Work required: Each line from the one containing "permutation_permutes by blast" through the last line of the records below is to be set down exactly; the rest stays out.

Extracted information:
###

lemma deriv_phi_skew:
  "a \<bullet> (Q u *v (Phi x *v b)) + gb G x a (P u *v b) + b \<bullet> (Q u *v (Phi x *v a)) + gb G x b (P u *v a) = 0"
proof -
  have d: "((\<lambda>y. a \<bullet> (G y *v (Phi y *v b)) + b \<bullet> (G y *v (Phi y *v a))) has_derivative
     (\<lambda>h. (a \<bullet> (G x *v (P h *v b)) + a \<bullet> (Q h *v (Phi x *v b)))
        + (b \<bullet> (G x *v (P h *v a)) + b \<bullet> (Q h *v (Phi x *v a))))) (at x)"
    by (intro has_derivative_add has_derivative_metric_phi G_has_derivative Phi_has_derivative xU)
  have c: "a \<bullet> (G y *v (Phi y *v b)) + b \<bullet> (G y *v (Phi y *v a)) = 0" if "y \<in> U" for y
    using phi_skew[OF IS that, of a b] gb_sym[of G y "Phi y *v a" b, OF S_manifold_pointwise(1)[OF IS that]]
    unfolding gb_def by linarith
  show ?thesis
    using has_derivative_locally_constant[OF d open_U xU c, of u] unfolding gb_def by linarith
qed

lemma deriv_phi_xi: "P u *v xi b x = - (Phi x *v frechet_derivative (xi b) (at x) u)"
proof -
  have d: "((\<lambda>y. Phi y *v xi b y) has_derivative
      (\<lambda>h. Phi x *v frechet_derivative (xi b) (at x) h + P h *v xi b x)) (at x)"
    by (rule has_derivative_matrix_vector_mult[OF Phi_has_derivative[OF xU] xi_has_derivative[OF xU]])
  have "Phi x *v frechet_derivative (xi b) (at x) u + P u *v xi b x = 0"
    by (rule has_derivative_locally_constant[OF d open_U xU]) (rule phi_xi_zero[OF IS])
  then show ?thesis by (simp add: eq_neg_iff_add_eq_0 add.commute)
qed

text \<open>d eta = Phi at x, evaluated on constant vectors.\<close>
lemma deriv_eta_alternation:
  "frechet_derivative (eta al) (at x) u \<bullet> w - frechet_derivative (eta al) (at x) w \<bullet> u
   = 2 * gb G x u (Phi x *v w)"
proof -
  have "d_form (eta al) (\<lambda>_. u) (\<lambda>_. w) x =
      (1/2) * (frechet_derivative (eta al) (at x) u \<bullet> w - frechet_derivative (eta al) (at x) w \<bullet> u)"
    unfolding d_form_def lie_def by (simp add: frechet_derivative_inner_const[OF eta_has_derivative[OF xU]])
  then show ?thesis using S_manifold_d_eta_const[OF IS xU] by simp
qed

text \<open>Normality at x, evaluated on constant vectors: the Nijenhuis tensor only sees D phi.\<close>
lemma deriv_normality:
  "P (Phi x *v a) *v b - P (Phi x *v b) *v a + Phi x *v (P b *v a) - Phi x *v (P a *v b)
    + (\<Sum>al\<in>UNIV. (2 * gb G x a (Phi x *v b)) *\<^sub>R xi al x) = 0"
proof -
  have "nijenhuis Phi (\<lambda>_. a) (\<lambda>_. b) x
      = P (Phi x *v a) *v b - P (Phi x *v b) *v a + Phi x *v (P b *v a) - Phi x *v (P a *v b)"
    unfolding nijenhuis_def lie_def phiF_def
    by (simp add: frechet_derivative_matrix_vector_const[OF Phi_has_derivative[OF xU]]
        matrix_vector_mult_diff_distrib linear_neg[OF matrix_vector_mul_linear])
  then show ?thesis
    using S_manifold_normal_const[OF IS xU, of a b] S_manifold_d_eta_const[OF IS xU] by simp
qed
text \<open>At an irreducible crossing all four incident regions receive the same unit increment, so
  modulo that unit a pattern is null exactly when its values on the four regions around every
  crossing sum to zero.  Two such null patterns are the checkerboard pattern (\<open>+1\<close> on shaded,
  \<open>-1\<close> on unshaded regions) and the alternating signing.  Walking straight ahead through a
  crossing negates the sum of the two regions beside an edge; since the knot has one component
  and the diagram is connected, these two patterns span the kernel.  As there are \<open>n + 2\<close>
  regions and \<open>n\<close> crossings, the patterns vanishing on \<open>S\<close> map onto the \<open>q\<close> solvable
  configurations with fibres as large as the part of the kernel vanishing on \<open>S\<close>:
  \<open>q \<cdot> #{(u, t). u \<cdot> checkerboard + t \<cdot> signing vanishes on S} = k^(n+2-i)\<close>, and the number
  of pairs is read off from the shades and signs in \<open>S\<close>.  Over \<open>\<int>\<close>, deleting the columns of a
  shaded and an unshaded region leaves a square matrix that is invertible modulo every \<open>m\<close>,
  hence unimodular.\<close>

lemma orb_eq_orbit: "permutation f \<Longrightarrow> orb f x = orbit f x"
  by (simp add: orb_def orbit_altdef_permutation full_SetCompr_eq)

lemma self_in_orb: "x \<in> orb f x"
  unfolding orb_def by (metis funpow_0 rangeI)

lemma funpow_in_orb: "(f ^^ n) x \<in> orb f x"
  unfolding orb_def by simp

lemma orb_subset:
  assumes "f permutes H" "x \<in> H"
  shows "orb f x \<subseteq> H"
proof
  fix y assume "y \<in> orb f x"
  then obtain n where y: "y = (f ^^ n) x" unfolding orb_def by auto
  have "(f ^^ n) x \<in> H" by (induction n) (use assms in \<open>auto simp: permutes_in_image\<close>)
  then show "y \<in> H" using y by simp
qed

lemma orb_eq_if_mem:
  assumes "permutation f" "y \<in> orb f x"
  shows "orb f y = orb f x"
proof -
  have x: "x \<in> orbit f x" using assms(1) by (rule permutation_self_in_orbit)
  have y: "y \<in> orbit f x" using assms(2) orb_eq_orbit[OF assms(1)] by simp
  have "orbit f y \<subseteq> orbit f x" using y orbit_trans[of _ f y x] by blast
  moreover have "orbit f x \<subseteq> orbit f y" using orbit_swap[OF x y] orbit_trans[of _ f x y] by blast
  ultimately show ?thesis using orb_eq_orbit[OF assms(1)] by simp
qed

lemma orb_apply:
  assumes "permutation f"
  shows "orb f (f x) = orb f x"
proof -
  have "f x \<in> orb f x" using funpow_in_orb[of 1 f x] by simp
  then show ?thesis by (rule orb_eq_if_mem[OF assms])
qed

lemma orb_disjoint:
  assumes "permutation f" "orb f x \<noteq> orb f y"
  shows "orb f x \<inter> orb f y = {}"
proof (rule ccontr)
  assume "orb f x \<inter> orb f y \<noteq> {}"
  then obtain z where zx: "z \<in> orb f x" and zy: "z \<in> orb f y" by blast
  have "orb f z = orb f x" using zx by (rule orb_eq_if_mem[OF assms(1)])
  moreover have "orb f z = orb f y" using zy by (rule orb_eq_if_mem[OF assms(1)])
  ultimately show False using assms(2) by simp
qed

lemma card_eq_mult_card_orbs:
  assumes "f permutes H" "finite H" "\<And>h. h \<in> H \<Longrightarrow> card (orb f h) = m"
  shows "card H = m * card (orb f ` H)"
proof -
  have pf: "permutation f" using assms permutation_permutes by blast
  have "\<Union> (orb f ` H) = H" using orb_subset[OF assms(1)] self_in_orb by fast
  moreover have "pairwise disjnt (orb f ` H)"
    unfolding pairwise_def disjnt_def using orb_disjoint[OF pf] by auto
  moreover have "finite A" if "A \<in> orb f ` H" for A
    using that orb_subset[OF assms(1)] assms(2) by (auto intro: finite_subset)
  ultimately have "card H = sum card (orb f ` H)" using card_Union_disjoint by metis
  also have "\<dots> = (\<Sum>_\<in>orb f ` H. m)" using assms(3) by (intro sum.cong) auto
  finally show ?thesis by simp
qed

###

Solution to this task:
  have pf: "permutation f" using assms permutation_permutes by blast
  have "\<Union> (orb f ` H) = H" using orb_subset[OF assms(1)] self_in_orb by fast
  moreover have "pairwise disjnt (orb f ` H)"
    unfolding pairwise_def disjnt_def using orb_disjoint[OF pf] by auto
  moreover have "finite A" if "A \<in> orb f ` H" for A
    using that orb_subset[OF assms(1)] assms(2) by (auto intro: finite_subset)
  ultimately have "card H = sum card (orb f ` H)" using card_Union_disjoint by metis
  also have "\<dots> = (\<Sum>_\<in>orb f ` H. m)" using assms(3) by (intro sum.cong) auto
  finally show ?thesis by simp
qed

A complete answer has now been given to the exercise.